*Task requirements*.
The lines below starting at the line containing "(* Let $(\mathcal" and ending at the line containing "(\<forall>A. idm C" are to be repeated exactly, with both ends kept and nothing else added.

(Collected data)

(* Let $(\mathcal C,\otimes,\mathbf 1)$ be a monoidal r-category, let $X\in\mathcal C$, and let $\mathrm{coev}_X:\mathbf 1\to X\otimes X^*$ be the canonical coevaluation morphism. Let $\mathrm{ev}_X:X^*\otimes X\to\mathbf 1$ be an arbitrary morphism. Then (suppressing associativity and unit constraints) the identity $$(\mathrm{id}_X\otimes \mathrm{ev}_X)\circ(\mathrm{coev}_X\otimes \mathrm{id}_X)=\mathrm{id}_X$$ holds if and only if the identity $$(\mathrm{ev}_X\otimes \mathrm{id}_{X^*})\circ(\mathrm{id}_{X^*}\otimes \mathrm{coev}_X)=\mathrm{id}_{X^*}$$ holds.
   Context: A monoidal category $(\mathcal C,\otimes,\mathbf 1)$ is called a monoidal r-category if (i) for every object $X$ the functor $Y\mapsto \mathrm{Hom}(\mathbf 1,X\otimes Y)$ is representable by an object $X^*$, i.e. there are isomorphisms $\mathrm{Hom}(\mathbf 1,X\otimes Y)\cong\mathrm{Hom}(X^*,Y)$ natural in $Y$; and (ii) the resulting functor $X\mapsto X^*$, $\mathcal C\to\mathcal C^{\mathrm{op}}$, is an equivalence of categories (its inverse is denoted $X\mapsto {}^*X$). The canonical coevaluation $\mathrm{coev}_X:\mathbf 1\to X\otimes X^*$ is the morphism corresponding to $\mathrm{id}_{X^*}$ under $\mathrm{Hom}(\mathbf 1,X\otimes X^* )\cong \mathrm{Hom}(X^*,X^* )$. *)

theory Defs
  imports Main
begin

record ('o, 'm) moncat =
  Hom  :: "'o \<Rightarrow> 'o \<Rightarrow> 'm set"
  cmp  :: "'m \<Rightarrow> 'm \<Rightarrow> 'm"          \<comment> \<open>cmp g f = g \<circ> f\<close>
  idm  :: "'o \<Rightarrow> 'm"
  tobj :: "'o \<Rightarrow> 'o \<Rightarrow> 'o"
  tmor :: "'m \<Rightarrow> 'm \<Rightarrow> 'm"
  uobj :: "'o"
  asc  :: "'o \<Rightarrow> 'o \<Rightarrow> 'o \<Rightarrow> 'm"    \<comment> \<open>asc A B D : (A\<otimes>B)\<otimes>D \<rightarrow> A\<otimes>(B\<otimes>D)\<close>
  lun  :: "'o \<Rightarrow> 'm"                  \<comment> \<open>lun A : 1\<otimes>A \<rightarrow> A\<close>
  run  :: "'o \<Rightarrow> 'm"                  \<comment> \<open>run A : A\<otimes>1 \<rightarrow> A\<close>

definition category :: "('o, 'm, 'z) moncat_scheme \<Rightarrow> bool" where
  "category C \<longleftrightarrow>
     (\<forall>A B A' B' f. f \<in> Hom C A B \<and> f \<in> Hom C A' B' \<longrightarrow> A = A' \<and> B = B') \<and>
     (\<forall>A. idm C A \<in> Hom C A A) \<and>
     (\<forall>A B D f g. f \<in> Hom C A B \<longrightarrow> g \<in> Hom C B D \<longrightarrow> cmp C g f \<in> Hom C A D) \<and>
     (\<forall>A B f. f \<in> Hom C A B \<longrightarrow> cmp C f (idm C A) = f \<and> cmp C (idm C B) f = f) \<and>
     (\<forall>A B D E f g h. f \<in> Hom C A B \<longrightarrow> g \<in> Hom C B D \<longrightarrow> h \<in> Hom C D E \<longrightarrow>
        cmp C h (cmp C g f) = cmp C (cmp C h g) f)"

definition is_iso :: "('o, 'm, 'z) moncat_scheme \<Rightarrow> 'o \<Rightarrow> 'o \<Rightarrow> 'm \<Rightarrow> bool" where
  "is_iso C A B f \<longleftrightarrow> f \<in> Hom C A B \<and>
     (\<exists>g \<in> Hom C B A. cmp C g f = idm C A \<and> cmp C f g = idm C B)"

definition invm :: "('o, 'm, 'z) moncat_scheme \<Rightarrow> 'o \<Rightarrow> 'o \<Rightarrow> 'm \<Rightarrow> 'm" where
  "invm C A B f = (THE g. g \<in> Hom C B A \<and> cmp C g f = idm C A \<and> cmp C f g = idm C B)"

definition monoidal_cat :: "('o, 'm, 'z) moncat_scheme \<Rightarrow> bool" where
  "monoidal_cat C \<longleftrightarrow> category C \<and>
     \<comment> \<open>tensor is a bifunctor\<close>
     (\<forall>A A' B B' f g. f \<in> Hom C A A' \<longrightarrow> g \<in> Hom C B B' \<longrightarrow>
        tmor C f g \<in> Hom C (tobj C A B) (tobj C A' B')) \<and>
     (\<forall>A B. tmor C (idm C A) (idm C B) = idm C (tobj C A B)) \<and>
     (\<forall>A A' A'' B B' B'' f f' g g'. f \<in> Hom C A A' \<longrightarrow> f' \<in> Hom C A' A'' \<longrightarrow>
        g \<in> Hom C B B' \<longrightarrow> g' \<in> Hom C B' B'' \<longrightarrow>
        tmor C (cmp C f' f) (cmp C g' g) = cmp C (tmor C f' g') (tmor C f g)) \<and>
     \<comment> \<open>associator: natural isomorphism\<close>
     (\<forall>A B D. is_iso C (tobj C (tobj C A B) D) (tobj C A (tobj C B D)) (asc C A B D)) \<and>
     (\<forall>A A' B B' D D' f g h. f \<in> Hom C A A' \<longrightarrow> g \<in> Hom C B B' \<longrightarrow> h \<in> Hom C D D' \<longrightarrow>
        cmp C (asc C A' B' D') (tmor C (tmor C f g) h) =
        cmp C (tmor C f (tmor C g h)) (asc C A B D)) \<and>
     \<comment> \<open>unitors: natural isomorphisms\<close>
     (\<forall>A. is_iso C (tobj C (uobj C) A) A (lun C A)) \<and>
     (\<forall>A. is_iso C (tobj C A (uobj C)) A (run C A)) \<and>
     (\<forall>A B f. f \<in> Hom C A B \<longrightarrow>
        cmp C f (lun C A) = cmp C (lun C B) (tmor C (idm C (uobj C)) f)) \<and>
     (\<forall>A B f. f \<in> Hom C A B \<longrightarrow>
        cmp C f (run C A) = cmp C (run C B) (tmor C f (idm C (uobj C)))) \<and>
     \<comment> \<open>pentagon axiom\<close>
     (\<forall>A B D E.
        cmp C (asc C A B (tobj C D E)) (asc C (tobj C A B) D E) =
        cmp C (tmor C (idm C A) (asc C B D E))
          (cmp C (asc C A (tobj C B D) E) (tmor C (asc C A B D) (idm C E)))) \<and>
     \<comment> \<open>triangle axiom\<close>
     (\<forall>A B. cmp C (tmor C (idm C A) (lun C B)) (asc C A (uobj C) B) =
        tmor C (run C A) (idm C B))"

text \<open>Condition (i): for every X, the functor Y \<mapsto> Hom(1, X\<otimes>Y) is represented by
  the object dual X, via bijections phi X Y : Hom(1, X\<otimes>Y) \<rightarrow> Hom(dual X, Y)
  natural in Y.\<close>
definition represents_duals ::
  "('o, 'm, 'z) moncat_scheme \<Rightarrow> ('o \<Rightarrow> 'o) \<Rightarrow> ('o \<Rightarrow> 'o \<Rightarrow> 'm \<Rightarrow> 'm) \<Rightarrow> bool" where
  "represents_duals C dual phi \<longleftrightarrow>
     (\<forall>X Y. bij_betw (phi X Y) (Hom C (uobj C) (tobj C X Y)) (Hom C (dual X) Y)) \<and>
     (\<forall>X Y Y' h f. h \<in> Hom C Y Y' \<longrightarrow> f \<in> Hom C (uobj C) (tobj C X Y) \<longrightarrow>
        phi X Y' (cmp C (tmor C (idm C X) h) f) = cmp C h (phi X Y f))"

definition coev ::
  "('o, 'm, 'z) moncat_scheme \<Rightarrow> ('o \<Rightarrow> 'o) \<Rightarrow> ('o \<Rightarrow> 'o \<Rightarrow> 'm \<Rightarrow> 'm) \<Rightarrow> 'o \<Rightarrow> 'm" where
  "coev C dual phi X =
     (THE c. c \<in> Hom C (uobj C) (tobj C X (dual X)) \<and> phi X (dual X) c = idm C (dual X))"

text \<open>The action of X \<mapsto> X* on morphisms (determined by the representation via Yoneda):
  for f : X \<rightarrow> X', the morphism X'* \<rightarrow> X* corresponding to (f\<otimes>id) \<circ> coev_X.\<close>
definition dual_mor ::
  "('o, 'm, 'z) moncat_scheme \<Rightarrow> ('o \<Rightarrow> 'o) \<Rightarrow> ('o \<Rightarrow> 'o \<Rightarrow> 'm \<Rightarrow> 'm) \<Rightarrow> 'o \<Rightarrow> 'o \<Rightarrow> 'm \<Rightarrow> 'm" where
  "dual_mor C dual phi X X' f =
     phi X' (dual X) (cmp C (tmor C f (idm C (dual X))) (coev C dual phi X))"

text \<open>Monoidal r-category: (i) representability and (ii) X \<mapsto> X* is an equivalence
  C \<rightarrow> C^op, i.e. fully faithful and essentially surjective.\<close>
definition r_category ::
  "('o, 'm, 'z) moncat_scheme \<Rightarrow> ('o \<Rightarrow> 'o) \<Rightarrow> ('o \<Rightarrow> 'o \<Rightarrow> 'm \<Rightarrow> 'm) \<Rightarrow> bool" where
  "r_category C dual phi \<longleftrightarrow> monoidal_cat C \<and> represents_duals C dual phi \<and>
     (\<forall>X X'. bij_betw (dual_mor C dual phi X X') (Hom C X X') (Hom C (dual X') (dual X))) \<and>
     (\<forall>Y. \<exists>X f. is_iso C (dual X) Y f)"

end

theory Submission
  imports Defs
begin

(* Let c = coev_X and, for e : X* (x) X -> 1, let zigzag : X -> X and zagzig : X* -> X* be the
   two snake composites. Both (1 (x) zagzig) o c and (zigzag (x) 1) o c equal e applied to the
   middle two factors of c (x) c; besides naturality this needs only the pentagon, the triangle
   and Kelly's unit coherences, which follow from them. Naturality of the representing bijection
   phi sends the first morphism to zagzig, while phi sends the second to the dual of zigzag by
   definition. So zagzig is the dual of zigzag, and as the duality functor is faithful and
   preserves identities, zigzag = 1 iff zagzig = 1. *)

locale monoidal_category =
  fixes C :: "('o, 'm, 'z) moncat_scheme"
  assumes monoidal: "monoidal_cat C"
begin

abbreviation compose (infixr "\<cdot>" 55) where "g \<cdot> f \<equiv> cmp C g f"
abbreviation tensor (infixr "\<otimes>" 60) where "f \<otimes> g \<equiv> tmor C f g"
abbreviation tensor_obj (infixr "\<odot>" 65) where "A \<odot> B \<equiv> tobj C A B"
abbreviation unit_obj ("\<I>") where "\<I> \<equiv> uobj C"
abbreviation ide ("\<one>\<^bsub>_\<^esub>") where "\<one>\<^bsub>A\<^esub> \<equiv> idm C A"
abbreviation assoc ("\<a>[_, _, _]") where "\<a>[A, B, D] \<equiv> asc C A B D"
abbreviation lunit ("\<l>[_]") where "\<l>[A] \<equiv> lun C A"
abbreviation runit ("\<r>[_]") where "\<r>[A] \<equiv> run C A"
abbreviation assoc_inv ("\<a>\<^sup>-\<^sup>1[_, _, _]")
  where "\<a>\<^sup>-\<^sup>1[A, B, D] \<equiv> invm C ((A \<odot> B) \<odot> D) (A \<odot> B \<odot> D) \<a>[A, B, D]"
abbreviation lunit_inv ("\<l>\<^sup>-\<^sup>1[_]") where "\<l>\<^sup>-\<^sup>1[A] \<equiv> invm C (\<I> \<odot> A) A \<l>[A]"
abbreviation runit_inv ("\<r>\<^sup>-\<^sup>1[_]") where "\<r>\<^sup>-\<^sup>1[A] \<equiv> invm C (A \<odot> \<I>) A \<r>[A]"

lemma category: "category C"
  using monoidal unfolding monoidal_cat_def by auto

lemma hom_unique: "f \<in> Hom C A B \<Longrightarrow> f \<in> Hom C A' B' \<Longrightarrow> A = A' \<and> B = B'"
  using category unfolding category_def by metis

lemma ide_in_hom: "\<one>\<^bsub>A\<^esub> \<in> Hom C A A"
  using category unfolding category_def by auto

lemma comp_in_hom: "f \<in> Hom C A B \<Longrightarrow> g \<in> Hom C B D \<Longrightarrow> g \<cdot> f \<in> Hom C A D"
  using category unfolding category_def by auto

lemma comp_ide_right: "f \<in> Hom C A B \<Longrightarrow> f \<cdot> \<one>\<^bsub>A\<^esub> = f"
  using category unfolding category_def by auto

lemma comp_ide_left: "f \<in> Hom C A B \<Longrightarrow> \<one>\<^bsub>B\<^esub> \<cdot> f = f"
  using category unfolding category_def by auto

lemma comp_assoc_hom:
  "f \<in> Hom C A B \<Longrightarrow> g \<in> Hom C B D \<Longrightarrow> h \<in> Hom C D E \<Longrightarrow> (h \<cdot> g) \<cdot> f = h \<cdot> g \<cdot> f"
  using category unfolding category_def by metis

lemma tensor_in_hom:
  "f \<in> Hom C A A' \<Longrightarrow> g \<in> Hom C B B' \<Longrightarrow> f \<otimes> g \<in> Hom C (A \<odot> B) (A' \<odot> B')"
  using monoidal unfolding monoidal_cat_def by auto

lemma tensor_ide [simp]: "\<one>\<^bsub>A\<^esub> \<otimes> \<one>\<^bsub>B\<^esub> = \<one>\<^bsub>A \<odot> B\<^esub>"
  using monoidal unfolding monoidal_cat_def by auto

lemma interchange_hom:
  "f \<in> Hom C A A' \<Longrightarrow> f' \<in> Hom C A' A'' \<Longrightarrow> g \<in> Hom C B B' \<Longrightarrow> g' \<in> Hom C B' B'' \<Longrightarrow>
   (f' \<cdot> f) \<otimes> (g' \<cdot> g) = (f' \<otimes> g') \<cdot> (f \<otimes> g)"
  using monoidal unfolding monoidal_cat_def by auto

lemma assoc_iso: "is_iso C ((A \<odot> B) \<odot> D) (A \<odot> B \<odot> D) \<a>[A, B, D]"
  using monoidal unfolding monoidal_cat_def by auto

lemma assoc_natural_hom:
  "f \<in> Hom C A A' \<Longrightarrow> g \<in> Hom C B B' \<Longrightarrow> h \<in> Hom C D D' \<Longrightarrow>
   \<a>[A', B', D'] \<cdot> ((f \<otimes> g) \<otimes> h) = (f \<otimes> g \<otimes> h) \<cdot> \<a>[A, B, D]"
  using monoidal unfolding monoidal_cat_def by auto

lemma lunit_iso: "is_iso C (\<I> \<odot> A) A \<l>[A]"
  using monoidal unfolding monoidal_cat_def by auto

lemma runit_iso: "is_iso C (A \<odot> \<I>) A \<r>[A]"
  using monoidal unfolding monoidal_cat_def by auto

---

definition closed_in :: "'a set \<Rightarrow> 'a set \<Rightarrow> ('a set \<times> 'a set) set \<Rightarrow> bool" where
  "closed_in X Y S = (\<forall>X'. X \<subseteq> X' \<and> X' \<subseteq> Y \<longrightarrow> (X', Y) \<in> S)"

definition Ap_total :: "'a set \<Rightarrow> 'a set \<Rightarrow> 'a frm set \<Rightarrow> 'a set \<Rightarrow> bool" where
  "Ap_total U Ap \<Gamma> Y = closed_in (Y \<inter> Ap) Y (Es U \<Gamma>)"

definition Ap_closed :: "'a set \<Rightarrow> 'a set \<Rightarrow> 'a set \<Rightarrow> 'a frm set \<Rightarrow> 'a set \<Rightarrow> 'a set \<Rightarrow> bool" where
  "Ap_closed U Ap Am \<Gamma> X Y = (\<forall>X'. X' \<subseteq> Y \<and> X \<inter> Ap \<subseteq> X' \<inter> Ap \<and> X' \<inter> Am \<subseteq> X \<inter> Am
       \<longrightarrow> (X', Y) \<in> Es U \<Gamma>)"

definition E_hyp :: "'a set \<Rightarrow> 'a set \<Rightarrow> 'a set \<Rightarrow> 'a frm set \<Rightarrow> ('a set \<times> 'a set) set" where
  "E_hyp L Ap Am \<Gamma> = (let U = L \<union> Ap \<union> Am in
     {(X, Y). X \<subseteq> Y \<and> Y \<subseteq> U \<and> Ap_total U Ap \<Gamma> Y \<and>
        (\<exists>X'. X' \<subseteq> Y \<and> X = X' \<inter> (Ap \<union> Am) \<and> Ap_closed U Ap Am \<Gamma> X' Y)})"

==

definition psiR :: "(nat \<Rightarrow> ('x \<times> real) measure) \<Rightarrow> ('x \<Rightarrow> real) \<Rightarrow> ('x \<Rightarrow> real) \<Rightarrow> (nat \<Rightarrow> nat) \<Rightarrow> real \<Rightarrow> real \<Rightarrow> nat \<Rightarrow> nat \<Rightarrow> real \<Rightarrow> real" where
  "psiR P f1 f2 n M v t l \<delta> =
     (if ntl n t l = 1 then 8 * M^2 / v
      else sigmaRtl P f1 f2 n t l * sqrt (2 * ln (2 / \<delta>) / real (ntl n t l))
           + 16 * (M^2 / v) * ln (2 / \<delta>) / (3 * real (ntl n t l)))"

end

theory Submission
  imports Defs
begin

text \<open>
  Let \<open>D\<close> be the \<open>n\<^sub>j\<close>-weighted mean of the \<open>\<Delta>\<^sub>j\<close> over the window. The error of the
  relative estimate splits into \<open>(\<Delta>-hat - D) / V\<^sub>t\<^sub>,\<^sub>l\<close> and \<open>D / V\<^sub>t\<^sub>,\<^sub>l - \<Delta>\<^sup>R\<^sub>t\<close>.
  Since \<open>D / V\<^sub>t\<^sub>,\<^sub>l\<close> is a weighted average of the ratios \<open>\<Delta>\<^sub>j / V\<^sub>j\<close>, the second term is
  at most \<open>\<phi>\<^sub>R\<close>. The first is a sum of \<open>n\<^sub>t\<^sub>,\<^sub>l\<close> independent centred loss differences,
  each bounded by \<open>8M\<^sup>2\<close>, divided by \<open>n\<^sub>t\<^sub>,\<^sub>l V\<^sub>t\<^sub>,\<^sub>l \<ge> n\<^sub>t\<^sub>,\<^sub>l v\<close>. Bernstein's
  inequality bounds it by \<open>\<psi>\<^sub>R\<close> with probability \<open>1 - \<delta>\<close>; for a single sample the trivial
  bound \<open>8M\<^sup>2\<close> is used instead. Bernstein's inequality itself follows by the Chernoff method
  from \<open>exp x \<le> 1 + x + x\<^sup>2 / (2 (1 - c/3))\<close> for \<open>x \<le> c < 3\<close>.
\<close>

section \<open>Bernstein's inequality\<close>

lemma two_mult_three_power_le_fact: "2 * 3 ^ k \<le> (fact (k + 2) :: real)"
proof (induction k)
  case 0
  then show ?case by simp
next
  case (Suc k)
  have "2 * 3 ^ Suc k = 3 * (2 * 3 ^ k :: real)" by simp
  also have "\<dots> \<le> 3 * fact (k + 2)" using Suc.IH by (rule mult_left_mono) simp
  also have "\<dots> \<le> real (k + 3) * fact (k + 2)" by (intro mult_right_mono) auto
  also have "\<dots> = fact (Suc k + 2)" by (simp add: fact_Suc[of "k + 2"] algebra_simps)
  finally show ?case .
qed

*Solution to the exercise*.
(* Let $(\mathcal C,\otimes,\mathbf 1)$ be a monoidal r-category, let $X\in\mathcal C$, and let $\mathrm{coev}_X:\mathbf 1\to X\otimes X^*$ be the canonical coevaluation morphism. Let $\mathrm{ev}_X:X^*\otimes X\to\mathbf 1$ be an arbitrary morphism. Then (suppressing associativity and unit constraints) the identity $$(\mathrm{id}_X\otimes \mathrm{ev}_X)\circ(\mathrm{coev}_X\otimes \mathrm{id}_X)=\mathrm{id}_X$$ holds if and only if the identity $$(\mathrm{ev}_X\otimes \mathrm{id}_{X^*})\circ(\mathrm{id}_{X^*}\otimes \mathrm{coev}_X)=\mathrm{id}_{X^*}$$ holds.
   Context: A monoidal category $(\mathcal C,\otimes,\mathbf 1)$ is called a monoidal r-category if (i) for every object $X$ the functor $Y\mapsto \mathrm{Hom}(\mathbf 1,X\otimes Y)$ is representable by an object $X^*$, i.e. there are isomorphisms $\mathrm{Hom}(\mathbf 1,X\otimes Y)\cong\mathrm{Hom}(X^*,Y)$ natural in $Y$; and (ii) the resulting functor $X\mapsto X^*$, $\mathcal C\to\mathcal C^{\mathrm{op}}$, is an equivalence of categories (its inverse is denoted $X\mapsto {}^*X$). The canonical coevaluation $\mathrm{coev}_X:\mathbf 1\to X\otimes X^*$ is the morphism corresponding to $\mathrm{id}_{X^*}$ under $\mathrm{Hom}(\mathbf 1,X\otimes X^* )\cong \mathrm{Hom}(X^*,X^* )$. *)

theory Defs
  imports Main
begin

record ('o, 'm) moncat =
  Hom  :: "'o \<Rightarrow> 'o \<Rightarrow> 'm set"
  cmp  :: "'m \<Rightarrow> 'm \<Rightarrow> 'm"          \<comment> \<open>cmp g f = g \<circ> f\<close>
  idm  :: "'o \<Rightarrow> 'm"
  tobj :: "'o \<Rightarrow> 'o \<Rightarrow> 'o"
  tmor :: "'m \<Rightarrow> 'm \<Rightarrow> 'm"
  uobj :: "'o"
  asc  :: "'o \<Rightarrow> 'o \<Rightarrow> 'o \<Rightarrow> 'm"    \<comment> \<open>asc A B D : (A\<otimes>B)\<otimes>D \<rightarrow> A\<otimes>(B\<otimes>D)\<close>
  lun  :: "'o \<Rightarrow> 'm"                  \<comment> \<open>lun A : 1\<otimes>A \<rightarrow> A\<close>
  run  :: "'o \<Rightarrow> 'm"                  \<comment> \<open>run A : A\<otimes>1 \<rightarrow> A\<close>

definition category :: "('o, 'm, 'z) moncat_scheme \<Rightarrow> bool" where
  "category C \<longleftrightarrow>
     (\<forall>A B A' B' f. f \<in> Hom C A B \<and> f \<in> Hom C A' B' \<longrightarrow> A = A' \<and> B = B') \<and>
     (\<forall>A. idm C A \<in> Hom C A A) \<and>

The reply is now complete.